In August 2019, the plaintiff moved, inter alia, for an award of lost market rents from [*2]the time the lease expired on April 29, 2005, to the present day and attorneys' fees incurred over the course of the litigation pursuant to paragraphs 20 and 38 of the lease agreement. In an order dated April 10, 2023, the Supreme Court, among other things, denied those branches of the motion. The plaintiff appeals.
The Supreme Court determined, inter alia, that the so-ordered stipulation precluded consideration of that branch of the plaintiff's motion which was for an award of lost market rents. Contrary to the plaintiff's contention, the Supreme Court providently exercised its discretion in determining that the doctrine of law of the case precluded its consideration of whether the plaintiff was entitled to an award of lost market rents (see Bank of N.Y. Mellon v Singh, 205 AD3d 866, 867 [2022]; Ruffino v Green, 72 AD3d 785, 786 [2010]). Although this Court is not bound by the Supreme Court's prior determination pursuant to the doctrine of law of the case, under the circumstances presented, no basis exists to disturb the Supreme Court's invocation of that doctrine (see Kanes v Kanes, 230 AD3d 662, 664 [2024]; Odierna v RSK, LLC, 171 AD3d 769, 772 [2019]; Debcon Fin. Servs., Inc. v 83-17 Broadway Corp., 126 AD3d 752, 754-755 [2015]).
In general, " 'a contractual provision assuming an obligation to indemnify a party for attorneys' . . . fees must be strictly construed to avoid reading into it a duty which the parties did not intend to be assumed' " (Pickett v 992 Gates Ave. Corp., 114 AD3d 740, 741 [2014] [internal quotation marks omitted], quoting Spodek v Neiss, 86 AD3d 561, 561 [2011]; see Kefalas v Valiotis, 197 AD3d 698, 703 [2021]).
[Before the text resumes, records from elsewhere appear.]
lemma index_tensor_id:
  assumes S: "\<And>i j. i < din \<Longrightarrow> j < din \<Longrightarrow> S (ketbra din i j) \<in> carrier_mat dout dout"
    and rs: "r < dout * k" "s < dout * k"
  shows "tensor_id S din dout k \<rho> $$ (r,s) = (\<Sum>i<din. \<Sum>j<din.
    \<rho> $$ (i * k + r mod k, j * k + s mod k) * S (ketbra din i j) $$ (r div k, s div k))"
proof -
  have "0 < k" using rs by (cases k) auto
  txt \<open>The test on the inner summation index comes first, so that \<open>sum.delta\<close> applies.\<close>
  let ?t = "\<lambda>i j a b. if b = s mod k then if a = r mod k
    then \<rho> $$ (i * k + a, j * k + b) * S (ketbra din i j) $$ (r div k, s div k) else 0 else 0"
  have "tensor_id S din dout k \<rho> $$ (r,s) = (\<Sum>((i,j),(a,b)) \<in> ({..<din} \<times> {..<din}) \<times> ({..<k} \<times> {..<k}).
      (\<rho> $$ (i * k + a, j * k + b) \<cdot>\<^sub>m kron (S (ketbra din i j)) (ketbra k a b)) $$ (r,s))"
    unfolding tensor_id_def msum_def using rs by (simp add: case_prod_beta')
  also have "\<dots> = (\<Sum>((i,j),(a,b)) \<in> ({..<din} \<times> {..<din}) \<times> ({..<k} \<times> {..<k}). ?t i j a b)"
  proof (intro sum.cong refl, clarify)
    fix i j a b assume "i < din" "j < din"
    hence "dim_row (S (ketbra din i j)) = dout" "dim_col (S (ketbra din i j)) = dout" using S by auto
    thus "(\<rho> $$ (i * k + a, j * k + b) \<cdot>\<^sub>m kron (S (ketbra din i j)) (ketbra k a b)) $$ (r,s) = ?t i j a b"
      using rs \<open>0 < k\<close> by (auto simp: kron_def)
  qed
  also have "\<dots> = (\<Sum>(i,j) \<in> {..<din} \<times> {..<din}. \<Sum>(a,b) \<in> {..<k} \<times> {..<k}. ?t i j a b)"
    by (simp add: sum.cartesian_product split_def)
  also have "\<dots> = (\<Sum>(i,j) \<in> {..<din} \<times> {..<din}.
      \<rho> $$ (i * k + r mod k, j * k + s mod k) * S (ketbra din i j) $$ (r div k, s div k))"
    using \<open>0 < k\<close> by (intro sum.cong refl) (auto simp: sum.cartesian_product')
  finally show ?thesis by (simp add: sum.cartesian_product')
qed

lemma index_choi:
  assumes S: "\<And>i j. i < d \<Longrightarrow> j < d \<Longrightarrow> S (ketbra d i j) \<in> carrier_mat dout dout"
    and rs: "r < dout * d" "s < dout * d"
  shows "choi S d dout $$ (r,s) = S (ketbra d (r mod d) (s mod d)) $$ (r div d, s div d)"
proof -
  have "0 < d" using rs by (cases d) auto
  let ?t = "\<lambda>i j. if j = s mod d then if i = r mod d then S (ketbra d i j) $$ (r div d, s div d) else 0 else 0"
  have "choi S d dout $$ (r,s) = (\<Sum>(i,j) \<in> {..<d} \<times> {..<d}. kron (S (ketbra d i j)) (ketbra d i j) $$ (r,s))"
    unfolding choi_def msum_def using rs by (simp add: case_prod_beta')
  also have "\<dots> = (\<Sum>(i,j) \<in> {..<d} \<times> {..<d}. ?t i j)"
  proof (intro sum.cong refl, clarify)
    fix i j assume "i < d" "j < d"
    hence "dim_row (S (ketbra d i j)) = dout" "dim_col (S (ketbra d i j)) = dout" using S by auto
    thus "kron (S (ketbra d i j)) (ketbra d i j) $$ (r,s) = ?t i j"
      using rs \<open>0 < d\<close> by (auto simp: kron_def)
  qed
  finally show ?thesis using \<open>0 < d\<close> by (simp add: sum.cartesian_product')
qed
Contrary to the plaintiff's contention, the Supreme Court did not err in determining that the plaintiff was not entitled to an award of attorneys' fees pursuant to the lease agreement (see Kefalas v Valiotis, 197 AD3d at 703).
Accordingly, the Supreme Court properly denied those branches of the plaintiff's motion which were for an award of lost market rents and attorneys' fees. Ford, J.P., Wan, Love and Golia, JJ., concur. [Prior Case History: 78 Misc 3d 1224(A), 2023 NY Slip Op 50344(U).]